Dataset entries:
lemma convex_minimizing_sequence_Cauchy:
  fixes S :: "'a::real_inner set"
  assumes "convex S" and XS: "\<And>n. X n \<in> S" and lim: "(\<lambda>n. dist z (X n)) \<longlonglongrightarrow> infdist z S"
  shows "Cauchy X"
proof (rule metric_CauchyI)
  fix e :: real
  assume "0 < e"
  define d where "d = infdist z S"
  define h where "h n = dist z (X n)^2 - d^2" for n
  have close: "dist (X m) (X n)^2 \<le> 2 * h m + 2 * h n" for m n
  proof -
    have "midpoint (X m) (X n) \<in> S"
      unfolding midpoint_def using convexD[OF \<open>convex S\<close> XS XS, of "1/2" "1/2"]
      by (simp add: scaleR_add_right)
    then have "d \<le> norm (z - midpoint (X m) (X n))"
      unfolding d_def dist_norm[symmetric] by (rule infdist_le)
    then have "d^2 \<le> norm (z - midpoint (X m) (X n))^2"
      by (rule power_mono) (simp add: d_def infdist_nonneg)
    then show ?thesis
      using apollonius[of "X m" "X n" z] by (simp add: h_def dist_norm)
  qed
  have "h \<longlonglongrightarrow> d^2 - d^2"
    unfolding h_def d_def by (intro tendsto_intros lim)
  moreover have "d^2 - d^2 < e^2 / 4"
    using \<open>0 < e\<close> by simp
  ultimately have "\<forall>\<^sub>F n in sequentially. h n < e^2 / 4"
    by (rule order_tendstoD(2))
  then obtain M where M: "\<And>n. M \<le> n \<Longrightarrow> h n < e^2 / 4"
    by (auto simp: eventually_sequentially)
  have "dist (X m) (X n) < e" if "M \<le> m" and "M \<le> n" for m n
  proof -
    have "dist (X m) (X n)^2 < e^2"
      using close[of m n] M[OF that(1)] M[OF that(2)] by linarith
    then show ?thesis
      using \<open>0 < e\<close> by (simp add: power_less_imp_less_base)
  qed
  then show "\<exists>M. \<forall>m\<ge>M. \<forall>n\<ge>M. dist (X m) (X n) < e"
    by blast
qed

lemma closest_point_exists_complete:
  fixes S :: "'a::{real_inner,complete_space} set"
  assumes "closed S" and "convex S" and "S \<noteq> {}"
  obtains p where "p \<in> S" and "\<And>x. x \<in> S \<Longrightarrow> dist z p \<le> dist z x"
proof -
  define d where "d = infdist z S"
  have "\<exists>x\<in>S. dist z x < d + 1 / Suc n" for n
    using \<open>S \<noteq> {}\<close> by (simp add: d_def infdist_notempty cINF_less_iff[symmetric])
  then obtain X where XS: "\<And>n. X n \<in> S" and Xd: "\<And>n. dist z (X n) < d + 1 / Suc n"
    by metis
  have lim: "(\<lambda>n. dist z (X n)) \<longlonglongrightarrow> d"
  proof (rule tendsto_sandwich[OF _ _ tendsto_const])
    show "\<forall>\<^sub>F n in sequentially. d \<le> dist z (X n)"
      by (simp add: d_def XS infdist_le)
    show "\<forall>\<^sub>F n in sequentially. dist z (X n) \<le> d + 1 / Suc n"
      by (intro always_eventually allI less_imp_le Xd)
    show "(\<lambda>n. d + 1 / Suc n) \<longlonglongrightarrow> d"
      using tendsto_add[OF tendsto_const LIMSEQ_inverse_real_of_nat, of d]
      by (simp add: inverse_eq_divide)
  qed
  have "Cauchy X"
    using \<open>convex S\<close> XS lim unfolding d_def by (rule convex_minimizing_sequence_Cauchy)
  then obtain p where "X \<longlonglongrightarrow> p"
    using Cauchy_convergent_iff convergent_def by blast
  then have "p \<in> S" and "(\<lambda>n. dist z (X n)) \<longlonglongrightarrow> dist z p"
    using \<open>closed S\<close> XS closed_sequentially by (blast, intro tendsto_intros)
  then show ?thesis
    using that LIMSEQ_unique[OF lim] infdist_le d_def by metis
qed
text \<open>Any power of \<open>\<epsilon>\<close> is beaten by \<open>exp (- \<delta> \<epsilon>\<^sup>\<kappa>\<^sup>-\<^sup>1)\<close>, via \<open>x\<^sup>n \<le> (n/\<delta>)\<^sup>n e\<^sup>\<delta>\<^sup>x\<close>.\<close>
lemma powr_neg_mult_exp_le:
  fixes \<epsilon> \<kappa> \<delta> c :: real and n :: nat
  assumes e: "0 < \<epsilon>" "\<epsilon> \<le> 1" and k: "\<kappa> < 1" and d: "\<delta> > 0"
    and n: "n > 0" "c / (1 - \<kappa>) \<le> real n"
  shows "\<epsilon> powr (- c) * exp (- \<delta> * \<epsilon> powr (\<kappa> - 1)) \<le> (real n / \<delta>) ^ n"
proof -
  define x where "x = \<epsilon> powr (\<kappa> - 1)"
  have x1: "x \<ge> 1"
  proof -
    have "\<epsilon> powr 0 \<le> \<epsilon> powr (\<kappa> - 1)" using e k by (intro powr_mono') auto
    then show ?thesis using e unfolding x_def by simp
  qed
  have "\<epsilon> powr (- c) = x powr (c / (1 - \<kappa>))"
  proof -
    have "(\<kappa> - 1) * (c / (1 - \<kappa>)) = - c" using k by (simp add: field_simps)
    then show ?thesis unfolding x_def powr_powr by simp
  qed
  also have "\<dots> \<le> x ^ n" using n x1 by (auto intro: order_trans[OF powr_mono] simp: powr_realpow)
  also have "\<dots> = (real n / \<delta>) ^ n * (\<delta> * x / real n) ^ n"
    using d n by (simp add: power_mult_distrib[symmetric])
  also have "\<dots> \<le> (real n / \<delta>) ^ n * exp (\<delta> * x)"
  proof -
    have "(\<delta> * x / real n) ^ n \<le> (1 + \<delta> * x / real n) ^ n"
      using d x1 n by (intro power_mono) auto
    also have "\<dots> \<le> exp (\<delta> * x)"
      using d x1 n by (intro exp_ge_one_plus_x_over_n_power_n) (auto intro: order_trans[of _ 0])
    finally show ?thesis using d n by (intro mult_left_mono) auto
  qed
  finally have "\<epsilon> powr (- c) * exp (- \<delta> * x) \<le> (real n / \<delta>) ^ n * exp (\<delta> * x) * exp (- \<delta> * x)"
    by (intro mult_right_mono) auto
  also have "\<dots> = (real n / \<delta>) ^ n" by (simp add: mult.assoc exp_add[symmetric])
  finally show ?thesis unfolding x_def .
qed

lemma sum_mult_powr_lt:
  fixes p q :: real
  assumes p: "p > 0" and q: "q > 0"
  shows "(p + q) * (q / p) powr ((p - q) / (p + q)) < 16 * q"
proof (cases "p \<le> q")
  case True
  have "(q / p) powr ((p - q) / (p + q)) \<le> (q / p) powr 0"
    using True p q by (intro powr_mono) (auto simp: divide_nonpos_pos)
  then have "(p + q) * (q / p) powr ((p - q) / (p + q)) \<le> p + q"
    using p q mult_left_mono[of _ 1 "p + q"] by simp
  then show ?thesis using True p q by linarith
next
  case False
  define e where "e = (p - q) / (p + q)"
  have "e - 1 = - (2 * q / (p + q))" unfolding e_def using p q by (simp add: field_simps)
  moreover have "ln (q / p) = - ln (p / q)" using p q by (simp add: ln_div)
  ultimately have "(e - 1) * ln (q / p) = 2 * q / (p + q) * ln (p / q)" by simp
  also have "\<dots> \<le> 2 * q / (p + q) * (p / q - 1)"
    using p q by (intro mult_left_mono ln_le_minus_one) auto
  also have "\<dots> = 2 * (p - q) / (p + q)" using p q by (simp add: diff_divide_distrib[symmetric] divide_simps)
  also have "\<dots> \<le> 2" using p q by (simp add: pos_divide_le_eq)
  finally have "(e - 1) * ln (q / p) \<le> 2" .
  then have "q / p * exp ((e - 1) * ln (q / p)) \<le> q / p * exp 2"
    using p q by (intro mult_left_mono) auto
  moreover have "(q / p) powr e = q / p * exp ((e - 1) * ln (q / p))"
  proof -
    have "(q / p) powr e = (q / p) powr (1 + (e - 1))" by simp
    also have "\<dots> = (q / p) powr 1 * (q / p) powr (e - 1)" by (rule powr_add)
    finally show ?thesis using p q by (simp add: powr_def mult.commute)
  qed
  ultimately have "(q / p) powr e \<le> q / p * exp 2" by simp
  also have "\<dots> < q / p * 8"
  proof -
    have "exp (2::real) = exp 1 * exp 1" by (simp add: exp_add[symmetric])
    also have "\<dots> \<le> 272 / 100 * (272 / 100)" using e_less_272 by (intro mult_mono) auto
    also have "\<dots> < 8" by simp
    finally show ?thesis using p q by (intro mult_strict_left_mono) auto
  qed
  finally have "(p + q) * (q / p) powr e < (p + q) * (q / p * 8)"
    using p q by (intro mult_strict_left_mono) auto
  also have "\<dots> < 2 * p * (q / p * 8)" using False p q by (intro mult_strict_right_mono) auto
  also have "\<dots> = 16 * q" using p by simp
  finally show ?thesis unfolding e_def .
qed

lemma integral_cong_interior:
  fixes f h :: "real \<Rightarrow> real"
  assumes "\<And>x. x \<in> {a<..<b} \<Longrightarrow> f x = h x"
  shows "integral {a..b} f = integral {a..b} h"
  using assms by (intro integral_spike[of "{a, b}"]) auto

lemma abs_le_Sup_abs:
  fixes f :: "real \<Rightarrow> real"
  assumes "continuous_on {a..b} f" "x \<in> {a..b}"
  shows "\<bar>f x\<bar> \<le> Sup ((\<lambda>s. \<bar>f s\<bar>) ` {a..b})"
proof -
  have "compact ((\<lambda>s. \<bar>f s\<bar>) ` {a..b})"
    using assms(1) by (intro compact_continuous_image continuous_intros) auto
  then show ?thesis
    using assms(2) by (intro cSup_upper bounded_imp_bdd_above compact_imp_bounded) auto
qed

locale nstar_solution =
  fixes N :: nat and R A B p q \<epsilon> :: real and g g' u u' u'' :: "real \<Rightarrow> real"
  assumes N2: "N \<ge> 2" and Rpos: "R > 0" and Apos: "A > 0" and AB: "A < B"
    and ppos: "p > 0" and qpos: "q > 0" and eps: "\<epsilon> > 0"
    and gpos: "\<And>r. r \<in> {0..R} \<Longrightarrow> g r > 0"
    and g_deriv: "\<And>r. r \<in> {0..R} \<Longrightarrow> (g has_real_derivative g' r) (at r)"
    and u_deriv: "\<And>r. r \<in> {0..R} \<Longrightarrow> (u has_real_derivative u' r) (at r within {0..R})"
    and u'_cont: "continuous_on {0..R} u'"
    and u'_0: "u' 0 = 0" and u'_R: "u' R = R * (A - B) / (\<epsilon>\<^sup>2 * real N * g R)"
    and u'_deriv: "\<And>r. r \<in> {0<..<R} \<Longrightarrow> (u' has_real_derivative u'' r) (at r)"
    and ode: "\<And>r. r \<in> {0<..<R} \<Longrightarrow>
        \<epsilon>\<^sup>2 * g r * (u'' r + ((real N - 1) / r + g' r / g r) * u' r)
        = R ^ N / real N *
          (A * exp (p * u r) / integral {0..R} (\<lambda>s. s ^ (N - 1) * exp (p * u s))
           - B * exp (- q * u r) / integral {0..R} (\<lambda>s. s ^ (N - 1) * exp (- q * u s)))"
begin

definition "\<alpha> = R ^ N / real N * A / integral {0..R} (\<lambda>s. s ^ (N - 1) * exp (p * u s))"
definition "\<beta> = R ^ N / real N * B / integral {0..R} (\<lambda>s. s ^ (N - 1) * exp (- q * u s))"

text \<open>\<open>G r\<close> is the right-hand side of (N*) at \<open>r\<close> and \<open>dGdu r\<close> its derivative in \<open>u\<close>;
  in divergence form (N*) reads \<open>\<epsilon>\<^sup>2 flux' = r\<^sup>N\<^sup>-\<^sup>1 G\<close>.\<close>
definition "G r = \<alpha> * exp (p * u r) - \<beta> * exp (- q * u r)" for r
definition "dGdu r = p * \<alpha> * exp (p * u r) + q * \<beta> * exp (- q * u r)" for r
definition "flux r = r ^ (N - 1) * g r * u' r" for r

lemma continuous_on_u: "continuous_on {0..R} u"
  using u_deriv by (meson continuous_on_eq_continuous_within DERIV_continuous)

lemma continuous_on_g: "continuous_on {0..R} g"
  using g_deriv by (meson DERIV_isCont continuous_at_imp_continuous_on)

lemma u_has_deriv_at: "r \<in> {0<..<R} \<Longrightarrow> (u has_real_derivative u' r) (at r)"
  using u_deriv[of r] at_within_Icc_at[of 0 r R] by auto

lemma alpha_pos: "\<alpha> > 0"
proof -
  have "integral {0..R} (\<lambda>s. s ^ (N - 1) * exp (p * u s)) > 0"
    using N2 Rpos by (intro integral_power_pred_mult_exp_pos continuous_on_mult_left continuous_on_u) auto
  then show ?thesis using N2 Rpos Apos by (simp add: \<alpha>_def)
qed

lemma beta_pos: "\<beta> > 0"
proof -
  have "integral {0..R} (\<lambda>s. s ^ (N - 1) * exp (- q * u s)) > 0"
    using N2 Rpos by (intro integral_power_pred_mult_exp_pos continuous_on_mult_left continuous_on_u) auto
  then show ?thesis using N2 Rpos Apos AB by (simp add: \<beta>_def)
qed

lemma dGdu_pos: "dGdu r > 0"
  using alpha_pos beta_pos ppos qpos by (simp add: dGdu_def add_pos_pos)

lemma continuous_on_G: "continuous_on {0..R} G"
  unfolding G_def by (intro continuous_intros continuous_on_u)

lemma continuous_on_flux: "continuous_on {0..R} flux"
  unfolding flux_def by (intro continuous_intros continuous_on_g u'_cont)

lemma flux_0: "flux 0 = 0"
  using N2 by (simp add: flux_def u'_0)

lemma flux_R: "flux R = - (R ^ N * (B - A) / (real N * \<epsilon>\<^sup>2))"
proof -
  have "R ^ (N - 1) * R = R ^ N" using N2 by (cases N) auto
  moreover have "g R > 0" using gpos[of R] Rpos by auto
  ultimately show ?thesis using Rpos eps N2 unfolding flux_def u'_R
    by (simp add: field_simps power2_eq_square)
qed

lemma flux_R_neg: "flux R < 0"
  unfolding flux_R using Rpos AB N2 eps by (auto intro!: divide_pos_pos)

lemma G_has_deriv: "r \<in> {0<..<R} \<Longrightarrow> (G has_real_derivative dGdu r * u' r) (at r)"
  unfolding G_def[abs_def] dGdu_def
  by (rule DERIV_cong, rule derivative_eq_intros u_has_deriv_at | simp)+ (simp add: algebra_simps)

lemma flux_has_deriv:
  assumes r: "r \<in> {0<..<R}"
  shows "(flux has_real_derivative r ^ (N - 1) * G r / \<epsilon>\<^sup>2) (at r)"
proof -
  have g: "g r > 0" using gpos r by auto
  have rN: "r ^ (N - 1) = r * r ^ (N - 2)" using N2
    by (cases N; cases "N - 1") (auto simp: numeral_2_eq_2)
  have G_eq: "\<epsilon>\<^sup>2 * g r * (u'' r + ((real N - 1) / r + g' r / g r) * u' r) = G r"
    using ode[OF r] by (simp add: G_def \<alpha>_def \<beta>_def right_diff_distrib)
  have pow: "((\<lambda>r. r ^ (N - 1)) has_real_derivative real (N - 1) * r ^ (N - 2)) (at r)"
    using DERIV_pow[of "N - 1" r] by (simp add: numeral_2_eq_2)
  have "(flux has_real_derivative
      real (N - 1) * r ^ (N - 2) * g r * u' r + r ^ (N - 1) * g' r * u' r + r ^ (N - 1) * g r * u'' r) (at r)"
    unfolding flux_def[abs_def] using r
    by (intro DERIV_cong[OF DERIV_mult[OF DERIV_mult[OF pow g_deriv] u'_deriv]]) (auto simp: algebra_simps)
  moreover have "real (N - 1) * r ^ (N - 2) * g r * u' r + r ^ (N - 1) * g' r * u' r + r ^ (N - 1) * g r * u'' r
      = r ^ (N - 1) * G r / \<epsilon>\<^sup>2"
    using r g eps N2 unfolding G_eq[symmetric] rN
    by (simp add: field_simps)
  ultimately show ?thesis by simp
qed

lemma G_mult_flux_mono:
  assumes "0 \<le> x" "x \<le> y" "y \<le> R"
  shows "G x * flux x \<le> G y * flux y"
proof (rule DERIV_nonneg_imp_le[where f = "\<lambda>r. G r * flux r"
      and f' = "\<lambda>r. dGdu r * u' r * flux r + G r * (r ^ (N - 1) * G r / \<epsilon>\<^sup>2)"])
  show "continuous_on {x..y} (\<lambda>r. G r * flux r)"
    using assms by (intro continuous_intros continuous_on_subset[OF continuous_on_G]
        continuous_on_subset[OF continuous_on_flux]) auto
next
  fix r assume "x < r" "r < y"
  then have r: "r \<in> {0<..<R}" using assms by auto
  show "((\<lambda>r. G r * flux r) has_real_derivative
      dGdu r * u' r * flux r + G r * (r ^ (N - 1) * G r / \<epsilon>\<^sup>2)) (at r)"
    using DERIV_mult[OF G_has_deriv[OF r] flux_has_deriv[OF r]] by (simp add: ac_simps)
  have "dGdu r * u' r * flux r = dGdu r * (r ^ (N - 1) * g r) * (u' r)\<^sup>2"
    unfolding flux_def by (simp add: power2_eq_square)
  also have "\<dots> \<ge> 0" using dGdu_pos[of r] gpos[of r] r by (auto intro!: mult_nonneg_nonneg)
  finally show "0 \<le> dGdu r * u' r * flux r + G r * (r ^ (N - 1) * G r / \<epsilon>\<^sup>2)"
    using r by (simp add: power2_eq_square[symmetric] mult.left_commute[of "G r"])
qed (use assms in auto)

lemma G_mult_flux_nonneg: "r \<in> {0..R} \<Longrightarrow> G r * flux r \<ge> 0"
  using G_mult_flux_mono[of 0 r] flux_0 by auto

What the task requires - Taking the lines above, repeat exactly those from the line that contains "fixes N :: nat" through the line that contains "B) / (\<epsilon>\<^sup>2", and both of those lines as well. Include nothing else.

Exercise solution -
  fixes N :: nat and R A B p q \<epsilon> :: real and g g' u u' u'' :: "real \<Rightarrow> real"
  assumes N2: "N \<ge> 2" and Rpos: "R > 0" and Apos: "A > 0" and AB: "A < B"
    and ppos: "p > 0" and qpos: "q > 0" and eps: "\<epsilon> > 0"
    and gpos: "\<And>r. r \<in> {0..R} \<Longrightarrow> g r > 0"
    and g_deriv: "\<And>r. r \<in> {0..R} \<Longrightarrow> (g has_real_derivative g' r) (at r)"
    and u_deriv: "\<And>r. r \<in> {0..R} \<Longrightarrow> (u has_real_derivative u' r) (at r within {0..R})"
    and u'_cont: "continuous_on {0..R} u'"
    and u'_0: "u' 0 = 0" and u'_R: "u' R = R * (A - B) / (\<epsilon>\<^sup>2 * real N * g R)"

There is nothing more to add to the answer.